* **Task objective**: Where the records hold the string "rule", show the whole line it sits on.

* **Data to process**:
lemma dft_eq_lattice_sum:
  "dft \<rho> = lattice_sum \<rho> (- 1 / (2 * real L1), - 1 / (2 * real L2), 0) / of_nat (L1 * L2 * L3)"
proof -
  define s where "s = (- 1 / (2 * real L1), - 1 / (2 * real L2), 0 :: real)"
  define F where "F m1 m2 m3 = of_real (\<rho> (lattice_point m1 m2 m3 + s)) * chi (lattice_point m1 m2 m3 + s)"
    for m1 m2 m3
  have "dft \<rho> = 1 / of_nat (L1 * L2 * L3) * (\<Sum>i<L1. \<Sum>j<L2. \<Sum>l<L3. F (int i - int K1) (int j - int K2) (int l))"
    by (simp only: dft_coeff_grid node_centred F_def s_def)
  also have "\<dots> = 1 / of_nat (L1 * L2 * L3) * (\<Sum>i<L1. \<Sum>m2\<in>{- int K2..int K2}. \<Sum>l<L3. F (int i - int K1) m2 (int l))"
    by (rule arg_cong[where f = "\<lambda>x. _ * x"], rule sum.cong[OF refl], rule sum_lessThan_centred)
  also have "\<dots> = 1 / of_nat (L1 * L2 * L3) * (\<Sum>m1\<in>{- int K1..int K1}. \<Sum>m2\<in>{- int K2..int K2}. \<Sum>l<L3. F m1 m2 (int l))"
    by (rule arg_cong[where f = "\<lambda>x. _ * x"], rule sum_lessThan_centred)
  also have "\<dots> = lattice_sum \<rho> s / of_nat (L1 * L2 * L3)"
    by (simp only: lattice_sum_def F_def) simp
  finally show ?thesis
    unfolding s_def .
qed

lemma lattice_sum_shift_error:
  assumes lip: "\<Lambda>-lipschitz_on UNIV \<rho>" and "chi s = cis \<theta>"
  shows "cmod (lattice_sum \<rho> s - lattice_sum \<rho> 0)
    \<le> real (L1 * L2 * L3) * (\<Lambda> * norm s) + \<bar>\<theta>\<bar> * cmod (lattice_sum \<rho> 0)"
proof -
  have "cmod (lattice_sum \<rho> s - lattice_sum \<rho> 0)
      = cmod ((lattice_sum \<rho> s - chi s * lattice_sum \<rho> 0) + (chi s - 1) * lattice_sum \<rho> 0)"
    by (simp add: algebra_simps)
  also have "\<dots> \<le> cmod (lattice_sum \<rho> s - chi s * lattice_sum \<rho> 0) + cmod (chi s - 1) * cmod (lattice_sum \<rho> 0)"
    unfolding norm_mult[symmetric] by (rule norm_triangle_ineq)
  also have "\<dots> \<le> real (L1 * L2 * L3) * (\<Lambda> * norm s) + \<bar>\<theta>\<bar> * cmod (lattice_sum \<rho> 0)"
    using lattice_sum_translate[OF lip, of s] norm_cis_minus_one_le[of \<theta>] \<open>chi s = cis \<theta>\<close>
    by (intro add_mono mult_right_mono) auto
  finally show ?thesis .
qed

lemma dft_lattice_sum_error:
  assumes K: "1 \<le> K1" "1 \<le> K2" and k: "\<bar>k1\<bar> \<le> int K1" "\<bar>k2\<bar> \<le> int K2"
    and supp: "supported_in_disc (1 / 4) \<rho>" and lip: "\<Lambda>-lipschitz_on UNIV \<rho>"
  shows "cmod (dft \<rho> - lattice_sum \<rho> 0 / of_nat (L1 * L2 * L3)) \<le> 3 / 2 * \<Lambda> * (1 / real L1 + 1 / real L2)"
proof -
  define N where "N = real (L1 * L2 * L3)"
  define l1 where "l1 = real L1"
  define l2 where "l2 = real L2"
  define B where "B = cmod (lattice_sum \<rho> 0)"
  have pos: "N > 0" "l1 > 0" "l2 > 0" "\<Lambda> \<ge> 0" "B \<ge> 0"
    unfolding N_def l1_def l2_def B_def using lipschitz_on_nonneg[OF lip] by (simp_all only: of_nat_0_less_iff) simp_all
  define s where "s = (- 1 / (2 * l1), - 1 / (2 * l2), 0 :: real)"
  define \<theta> where "\<theta> = pi * of_int k1 / l1 + pi * of_int k2 / l2"
  have "chi s = cis (- (2 * pi * (of_int k1 * (- 1 / (2 * l1)) + of_int k2 * (- 1 / (2 * l2))) + of_int k3 * 0))"
    by (simp only: se2_char_def s_def prod.case)
  also have "\<dots> = cis \<theta>"
    unfolding \<theta>_def using pos by (intro arg_cong[where f = cis]) (simp add: field_simps)
  finally have "chi s = cis \<theta>" .
  have "\<bar>\<theta>\<bar> * B \<le> (pi * \<bar>k1\<bar> / l1 + pi * \<bar>k2\<bar> / l2) * B"
    unfolding \<theta>_def using abs_triangle_ineq[of "pi * of_int k1 / l1" "pi * of_int k2 / l2"] pos
    by (intro mult_right_mono) (simp_all add: abs_mult)
  also have "\<dots> = (pi * \<bar>k1\<bar> * B) / l1 + (pi * \<bar>k2\<bar> * B) / l2"
    by (simp add: algebra_simps)
  also have "\<dots> \<le> N * \<Lambda> / l1 + N * \<Lambda> / l2"
    using lattice_sum_frequency_bounds[OF K k supp lip] pos unfolding N_def l1_def l2_def B_def
    by (intro add_mono divide_right_mono) auto
  finally have phase: "\<bar>\<theta>\<bar> * B \<le> N * \<Lambda> / l1 + N * \<Lambda> / l2" .
  have "norm s \<le> 1 / (2 * l1) + 1 / (2 * l2)"
    unfolding s_def norm_Pair using sqrt_sum_squares_le_sum_abs[of "1 / (2 * l1)" "1 / (2 * l2)"] pos by simp
  then have "N * (\<Lambda> * norm s) \<le> N * (\<Lambda> * (1 / (2 * l1) + 1 / (2 * l2)))"
    using pos by (intro mult_left_mono) auto
  moreover have "cmod (lattice_sum \<rho> s - lattice_sum \<rho> 0) \<le> N * (\<Lambda> * norm s) + \<bar>\<theta>\<bar> * B"
    using lattice_sum_shift_error[OF lip \<open>chi s = cis \<theta>\<close>] unfolding N_def B_def .
  moreover have "N * (\<Lambda> * (1 / (2 * l1) + 1 / (2 * l2))) + (N * \<Lambda> / l1 + N * \<Lambda> / l2)
      = N * (3 / 2 * \<Lambda> * (1 / l1 + 1 / l2))"
    by (simp add: ring_distribs)
  ultimately have bound: "cmod (lattice_sum \<rho> s - lattice_sum \<rho> 0) \<le> N * (3 / 2 * \<Lambda> * (1 / l1 + 1 / l2))"
    using phase by linarith
  have "dft \<rho> - lattice_sum \<rho> 0 / of_nat (L1 * L2 * L3) = (lattice_sum \<rho> s - lattice_sum \<rho> 0) / of_real N"
    unfolding dft_eq_lattice_sum s_def N_def l1_def l2_def by (simp add: diff_divide_distrib)
  then have "cmod (dft \<rho> - lattice_sum \<rho> 0 / of_nat (L1 * L2 * L3)) = cmod (lattice_sum \<rho> s - lattice_sum \<rho> 0) / N"
    using pos by (simp add: norm_divide)
  also have "\<dots> \<le> N * (3 / 2 * \<Lambda> * (1 / l1 + 1 / l2)) / N"
    using bound pos by (intro divide_right_mono) auto
  also have "\<dots> = 3 / 2 * \<Lambda> * (1 / real L1 + 1 / real L2)"
    using pos unfolding l1_def l2_def by simp
  finally show ?thesis .
qed

lemma dft_se2_conv_error:
  assumes K: "1 \<le> K1" "1 \<le> K2" and k: "\<bar>k1\<bar> \<le> int K1" "\<bar>k2\<bar> \<le> int K2"
    and lip_f: "\<Lambda>-lipschitz_on UNIV f" and lip_\<rho>: "\<Lambda>-lipschitz_on UNIV \<rho>"
    and bound_f: "\<And>q. \<bar>f q\<bar> \<le> M" and bound_\<rho>: "\<And>q. \<bar>\<rho> q\<bar> \<le> M"
    and supp_f: "supported_in_disc (1 / 4) f" and supp_\<rho>: "supported_in_disc (1 / 4) \<rho>"
    and rad: "radial_in_translations \<rho>" and per: "\<And>x y t. \<rho> (x, y, t + 2 * pi) = \<rho> (x, y, t)"
  shows "cmod (dft (se2_conv f \<rho>) - dft f * dft \<rho>)
    \<le> 2 * M * \<Lambda> * (1 / real L1 + 1 / real L2 + 2 * pi / real L3) + 3 / 2 * M * \<Lambda> * (1 / real L1 + 1 / real L2)"
proof -
  have "M \<ge> 0"
    using bound_f[of 0] by linarith
  have "supported_in_disc (1 / 2) f"
    using supp_f by (rule supported_in_disc_mono) simp
  then have riemann: "cmod (dft (se2_conv f \<rho>) - dft (grid_conv L1 L2 L3 f \<rho>))
      \<le> 2 * M * \<Lambda> * (1 / real L1 + 1 / real L2 + 2 * pi / real L3)"
    unfolding dft_coeff_diff[symmetric]
    by (intro norm_dft_coeff_le se2_conv_grid_conv_error[OF lip_f lip_\<rho> bound_f bound_\<rho> _ rad]) simp_all
  have "dft (se2_conv f \<rho>) - dft f * dft \<rho>
      = (dft (se2_conv f \<rho>) - dft (grid_conv L1 L2 L3 f \<rho>)) + dft f * (lattice_sum \<rho> 0 / of_nat (L1 * L2 * L3) - dft \<rho>)"
    unfolding dft_grid_conv[OF supp_f supp_\<rho> per] by (simp add: algebra_simps)
  then have "cmod (dft (se2_conv f \<rho>) - dft f * dft \<rho>)
      \<le> cmod (dft (se2_conv f \<rho>) - dft (grid_conv L1 L2 L3 f \<rho>))
        + cmod (dft f * (lattice_sum \<rho> 0 / of_nat (L1 * L2 * L3) - dft \<rho>))"
    by (simp only: norm_triangle_ineq)
  also have "\<dots> = cmod (dft (se2_conv f \<rho>) - dft (grid_conv L1 L2 L3 f \<rho>))
        + cmod (dft f) * cmod (dft \<rho> - lattice_sum \<rho> 0 / of_nat (L1 * L2 * L3))"
    by (simp only: norm_mult norm_minus_commute)
  also have "\<dots> \<le> 2 * M * \<Lambda> * (1 / real L1 + 1 / real L2 + 2 * pi / real L3) + M * (3 / 2 * \<Lambda> * (1 / real L1 + 1 / real L2))"
    using riemann norm_dft_coeff_le[OF bound_f] dft_lattice_sum_error[OF K k supp_\<rho> lip_\<rho>] \<open>M \<ge> 0\<close>
    by (intro add_mono mult_mono) auto
  finally show ?thesis
    by (simp add: mult_ac)
qed

lemma dft_se2_conv_error_min:
  assumes K: "1 \<le> K1" "1 \<le> K2" "1 \<le> K3" and k: "\<bar>k1\<bar> \<le> int K1" "\<bar>k2\<bar> \<le> int K2"
    and lip_f: "\<Lambda>-lipschitz_on UNIV f" and lip_\<rho>: "\<Lambda>-lipschitz_on UNIV \<rho>"
    and bound_f: "\<And>q. \<bar>f q\<bar> \<le> M" and bound_\<rho>: "\<And>q. \<bar>\<rho> q\<bar> \<le> M"
    and supp_f: "supported_in_disc (1 / 4) f" and supp_\<rho>: "supported_in_disc (1 / 4) \<rho>"
    and rad: "radial_in_translations \<rho>" and per: "\<And>x y t. \<rho> (x, y, t + 2 * pi) = \<rho> (x, y, t)"
  shows "cmod (dft (se2_conv f \<rho>) - dft f * dft \<rho>) \<le> (7 + 4 * pi) * M * \<Lambda> / real (min K1 (min K2 K3))"
proof -
  define e where "e = 1 / real (min K1 (min K2 K3))"
  have "M * \<Lambda> \<ge> 0"
    using bound_f[of 0] lipschitz_on_nonneg[OF lip_f] by simp
  have "1 / real (2 * K + 1) \<le> e" if "min K1 (min K2 K3) \<le> K" for K
    unfolding e_def using K that by (intro divide_left_mono) auto
  then have inv: "1 / real L1 \<le> e" "1 / real L2 \<le> e" "1 / real L3 \<le> e"
    by simp_all
  have "2 * M * \<Lambda> * (1 / real L1 + 1 / real L2 + 2 * pi * (1 / real L3)) + 3 / 2 * M * \<Lambda> * (1 / real L1 + 1 / real L2)
      \<le> 2 * M * \<Lambda> * (e + e + 2 * pi * e) + 3 / 2 * M * \<Lambda> * (e + e)"
    using inv \<open>M * \<Lambda> \<ge> 0\<close> by (intro add_mono mult_left_mono) auto
  also have "\<dots> = (7 + 4 * pi) * M * \<Lambda> * e"
    by (simp add: algebra_simps)
  also have "\<dots> = (7 + 4 * pi) * M * \<Lambda> / real (min K1 (min K2 K3))"
    by (simp add: e_def)
  finally show ?thesis
    using dft_se2_conv_error[OF K(1,2) k lip_f lip_\<rho> bound_f bound_\<rho> supp_f supp_\<rho> rad per] by simp
qed

end

theorem mainTheorem7:
  fixes f \<rho> :: se2fun
  assumes "C1_SE2 f" and "C1_SE2 \<rho>"
    and "supported_in_disc (1/4) f" and "supported_in_disc (1/4) \<rho>"
    and "radial_in_translations \<rho>"
  shows "\<exists>C > 0. \<forall>(K1::nat) (K2::nat) (K3::nat) (k1::int) (k2::int) (k3::int).
           K1 \<ge> 1 \<longrightarrow> K2 \<ge> 1 \<longrightarrow> K3 \<ge> 1 \<longrightarrow>
           \<bar>k1\<bar> \<le> int K1 \<longrightarrow> \<bar>k2\<bar> \<le> int K2 \<longrightarrow> \<bar>k3\<bar> \<le> int K3 \<longrightarrow>
           cmod (dft_coeff (se2_conv f \<rho>) k1 k2 k3 (2*K1+1) (2*K2+1) (2*K3+1)
                 - dft_coeff f k1 k2 k3 (2*K1+1) (2*K2+1) (2*K3+1)
                   * dft_coeff \<rho> k1 k2 k3 (2*K1+1) (2*K2+1) (2*K3+1))
             \<le> C / real (min K1 (min K2 K3))"
proof -
  obtain \<Lambda>f \<Lambda>\<rho> where "\<Lambda>f-lipschitz_on UNIV f" "\<Lambda>\<rho>-lipschitz_on UNIV \<rho>"
    using C1_SE2_supported_lipschitz[OF assms(1,3)] C1_SE2_supported_lipschitz[OF assms(2,4)] by metis
  then have lip: "(max \<Lambda>f \<Lambda>\<rho>)-lipschitz_on UNIV f" "(max \<Lambda>f \<Lambda>\<rho>)-lipschitz_on UNIV \<rho>"
    by (auto intro: lipschitz_on_mono)
  define \<Lambda> where "\<Lambda> = max \<Lambda>f \<Lambda>\<rho>"
  have bound: "\<bar>f q\<bar> \<le> \<Lambda> / 2" "\<bar>\<rho> q\<bar> \<le> \<Lambda> / 2" for q
    using lipschitz_supported_in_disc_bound[OF lip(1) assms(3)] lipschitz_supported_in_disc_bound[OF lip(2) assms(4)]
    by (simp_all add: \<Lambda>_def)
  have per: "\<rho> (x, y, t + 2 * pi) = \<rho> (x, y, t)" for x y t
    using assms(2) unfolding C1_SE2_def by blast
  define C where "C = (7 + 4 * pi) * (\<Lambda> / 2) * \<Lambda> + 1"
  have "\<Lambda> \<ge> 0"
    using lipschitz_on_nonneg[OF lip(1)] by (simp add: \<Lambda>_def)
  show ?thesis
  proof (intro exI[of _ C] conjI allI impI)
    show "C > 0"
      unfolding C_def using \<open>\<Lambda> \<ge> 0\<close> pi_gt_zero by (intro add_nonneg_pos mult_nonneg_nonneg) auto
    fix K1 K2 K3 :: nat and k1 k2 k3 :: int
    assume "1 \<le> K1" "1 \<le> K2" "1 \<le> K3" "\<bar>k1\<bar> \<le> int K1" "\<bar>k2\<bar> \<le> int K2"
    interpret se2_grid K1 K2 K3 k1 k2 k3 .
    have "cmod (dft (se2_conv f \<rho>) - dft f * dft \<rho>) \<le> (7 + 4 * pi) * (\<Lambda> / 2) * \<Lambda> / real (min K1 (min K2 K3))"
      using dft_se2_conv_error_min \<open>1 \<le> K1\<close> \<open>1 \<le> K2\<close> \<open>1 \<le> K3\<close> \<open>\<bar>k1\<bar> \<le> int K1\<close> \<open>\<bar>k2\<bar> \<le> int K2\<close>
        lip[folded \<Lambda>_def] bound assms(3,4,5) per .
    also have "\<dots> \<le> C / real (min K1 (min K2 K3))"
      unfolding C_def by (rule divide_right_mono) simp_all
    finally show "cmod (dft (se2_conv f \<rho>) - dft f * dft \<rho>) \<le> C / real (min K1 (min K2 K3))" .
  qed
qed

* **Written solution**:
    by (rule arg_cong[where f = "\<lambda>x. _ * x"], rule sum.cong[OF refl], rule sum_lessThan_centred)
    by (rule arg_cong[where f = "\<lambda>x. _ * x"], rule sum_lessThan_centred)
    unfolding norm_mult[symmetric] by (rule norm_triangle_ineq)
    using supp_f by (rule supported_in_disc_mono) simp
      unfolding C_def by (rule divide_right_mono) simp_all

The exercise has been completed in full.